Il debutto romano di Jaap van Zweden

Eccellenti le sue interpretazioni di Šostakovič e Beethoven a Santa Cecilia

Jaap van Zweden
Jaap van Zweden
Recensione
classica
Roma, Auditorium Parco della Musica, Sala Santa Cecilia
Jaap van Zweden
26 Maggio 2022 - 28 Maggio 2022

L’olandese Jaap van Zweden è il direttore musicale della Filarmonica di New York e questo – oltre a tutta la sua restante attività passata e presente – basterebbe a farne uno dei direttori più in vista di oggi, eppure finora era praticamente sconosciuto in Italia. Finalmente, all’età di sessantuno anni, dopo un rinvio dovuto ai lockdown degli scorsi anni, ha debuttato all’Accademia Nazionale di Santa Cecilia, con un programma imperniato su due celebri Quinte Sinfonie, quella di Beethoven e quella di Šostakovič.

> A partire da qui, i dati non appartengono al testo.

(* For $n\ge 0$ let $h_n$ denote the number of matching coalescent histories of the lodgepole species tree $\lambda_n$ (for $n\ge 1$), with the convention $h_0=1$. Then for all $n\ge 1$, $$h_n=(2n+1)!!-\sum_{k=0}^{n-1}(2k+1)!!\,h_{n-1-k}.$$ Moreover, for all $n\ge 1$, $$(2n+1)!!\left(\frac{n-2}{n}\right)\le h_n\le (2n+1)!!,$$ and asymptotically, as $n\to\infty$, $$h_n\sim(2n+1)!!\sim\sqrt{2}\left[\frac{2(n+1)}{e}\right]^{n+1}.$$
   Context: A species tree is a rooted binary tree whose leaves carry distinct labels. Each node $v$ of a tree $t$ has a branch directly above it: for a non-root node this is the edge joining $v$ to its parent, and the root additionally has a root branch above it. A leaf $x$ descends from a branch if $x$ lies in the subtree below that branch (i.e. below the node at the lower end of the branch, including that node). A branch $b'$ is descended from a branch $b$ if the node at the lower end of $b'$ lies in the subtree below $b$. Given a species tree $t$, a matching coalescent history of $t$ is a map $h$ from the set of internal nodes of $t$ to the set of branches of $t$ such that: (a) for every leaf $x$ and every internal node $k$, if $x$ descends from $k$ in $t$ then $x$ descends from the branch $h(k)$; (b) for all internal nodes $k_1,k_2$, if $k_2$ is a descendant of $k_1$ then the branch $h(k_2)$ is descended from or coincides with the branch $h(k_1)$. The lodgepole family $(\lambda_n)_{n\ge0}$ is defined by: $\lambda_0$ is the tree with one leaf, and for $n\ge 0$, $\lambda_{n+1}$ is obtained by attaching $\lambda_n$ and a cherry (a tree with exactly two leaves) as the two child subtrees of a new common root. Thus $\lambda_n$ has $2n+1$ leaves (labeled arbitrarily). Here $(2n+1)!!=(2n+1)(2n-1)\cdots 3\cdot 1$, and $a_n\sim b_n$ means $a_n/b_n\to1$. *)

theory Defs
  imports Complex_Main "HOL-Library.Landau_Symbols" "HOL-Library.FuncSet" "HOL-Library.Sublist"
begin

text \<open>Tree shapes (rooted binary trees); a node is identified by its position,
the path from the root (False = left child, True = right child).
The branch above node v is identified with v (the root branch with the root).\<close>

datatype tree = Leaf | Node tree tree

fun nodes :: "tree \<Rightarrow> bool list set" where
  "nodes Leaf = {[]}"
| "nodes (Node l r) = insert [] ((\<lambda>p. False # p) ` nodes l \<union> (\<lambda>p. True # p) ` nodes r)"

fun internal_nodes :: "tree \<Rightarrow> bool list set" where
  "internal_nodes Leaf = {}"
| "internal_nodes (Node l r) =
     insert [] ((\<lambda>p. False # p) ` internal_nodes l \<union> (\<lambda>p. True # p) ` internal_nodes r)"

definition leaves :: "tree \<Rightarrow> bool list set" where
  "leaves t = nodes t - internal_nodes t"

text \<open>Node (or branch) p lies in the subtree below node (branch) q iff q is a prefix of p.\<close>

definition is_mch :: "tree \<Rightarrow> (bool list \<Rightarrow> bool list) \<Rightarrow> bool" where
  "is_mch t h \<longleftrightarrow>
     (\<forall>x\<in>leaves t. \<forall>k\<in>internal_nodes t. prefix k x \<longrightarrow> prefix (h k) x) \<and>
     (\<forall>k1\<in>internal_nodes t. \<forall>k2\<in>internal_nodes t. prefix k1 k2 \<longrightarrow> prefix (h k1) (h k2))"

definition matching_histories :: "tree \<Rightarrow> (bool list \<Rightarrow> bool list) set" where
  "matching_histories t = {h \<in> internal_nodes t \<rightarrow>\<^sub>E nodes t. is_mch t h}"

definition cherry :: tree where "cherry = Node Leaf Leaf"

fun lodgepole :: "nat \<Rightarrow> tree" where
  "lodgepole 0 = Leaf"
| "lodgepole (Suc n) = Node (lodgepole n) cherry"

definition hcount :: "nat \<Rightarrow> nat" where
  "hcount n = (if n = 0 then 1 else card (matching_histories (lodgepole n)))"

fun dfact :: "nat \<Rightarrow> nat" where
  "dfact 0 = 1"
| "dfact (Suc 0) = 1"
| "dfact (Suc (Suc n)) = Suc (Suc n) * dfact n"

end

theory Submission
  imports Defs "HOL-Analysis.Summation_Tests" "HOL-Real_Asymp.Real_Asymp"
begin

text \<open>A matching history sends each internal node to a branch on its path to the root, monotonically.
  Grafting \<open>\<lambda>\<^sub>n\<close> below a path of length \<open>m\<close> and splitting off the root and the cherry node
  yields the transfer recursion \<open>H (n+1) m = \<Sum>\<^sub>j\<^sub>\<le>\<^sub>m (j+2) H n (j+1)\<close> with \<open>h\<^sub>n = H n 0\<close>.
  Adding the source term \<open>E n 0\<close> to this recursion gives a sequence with closed form
  \<open>E n m = C(2n+m+1, 2n) (2n-1)!!\<close>, so \<open>E n 0 = (2n+1)!!\<close>, and by linearity
  \<open>E n 0 = H n 0 + \<Sum>\<^sub>j\<^sub><\<^sub>n H j 0 E (n-1-j) 0\<close>: this is the recursion for \<open>h\<^sub>n\<close>.
  It gives \<open>h\<^sub>n \<le> (2n+1)!!\<close> at once, and the lower bound follows from
  \<open>\<Sum>\<^sub>k\<^sub>\<le>\<^sub>n (2k+1)!! (2(n-k)+1)!! \<le> 4 (2n+1)!!\<close>. Finally
  \<open>(2m-1)!! = (2m)! / (2\<^sup>m m!)\<close>, and the ratio to \<open>\<surd>2 (2m/e)\<^sup>m\<close> is
  \<open>exp (\<sigma>(2m) - \<sigma>(m))\<close> for the Stirling error \<open>\<sigma>\<close>, which converges.\<close>

section \<open>Matching histories as prefix-monotone maps\<close>

lemma finite_internal_nodes: "finite (internal_nodes t)"
  by (induction t) auto

lemma internal_nodes_subset_nodes: "internal_nodes t \<subseteq> nodes t"
  by (induction t) auto

lemma internal_node_child_in_nodes: "k \<in> internal_nodes t \<Longrightarrow> k @ [b] \<in> nodes t"
proof (induction t arbitrary: k)
  case (Node l r)
  have "[] \<in> nodes l" "[] \<in> nodes r" by (cases l; simp) (cases r; simp)
  with Node show ?case by (cases b) auto
qed simp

Invertendo l’ordine cronologico, van Zweden ha cominciato col russo, che, dopo la feroce stroncatura - ispirata dai vertici del regime sovietico, forse da Stalin stesso - della sua Lady Macbeth del distretto di Mcensk,  presentò prudentemente la Sinfonia n. 5  come la “risposta di un artista sovietico ad una giusta critica”. In realtà è una “risposta” ambigua, sibillina, che non lascia affatto capire se l’accettazione da parte del compositore della retorica gradita al regime fosse sincera o – com’è più probabile – ironica. Van Zweden la ha diretta con totale acribia – credo che su questo abbia inciso il fatto che musicalmente è nato come violinista e konzertmeister di gruppi di musica barocca – e ne ha dato una lettura di grande esattezza e rigore. Dal severo canone iniziale fino alla roboante marcia finale la sua lettura obiettiva e distaccata ha squadernato questa lunga e complessa partitura senza lasciarsi sfuggire un dettaglio e anche senza sottolinearne troppo uno a scapito di un altro: è emersa così una segreta prossimità di Šostakovič al neoclassicismo musicale degli anni trenta del secolo scorso, ma senza il tono giocoso connaturato al neoclassicismo stravinskiano.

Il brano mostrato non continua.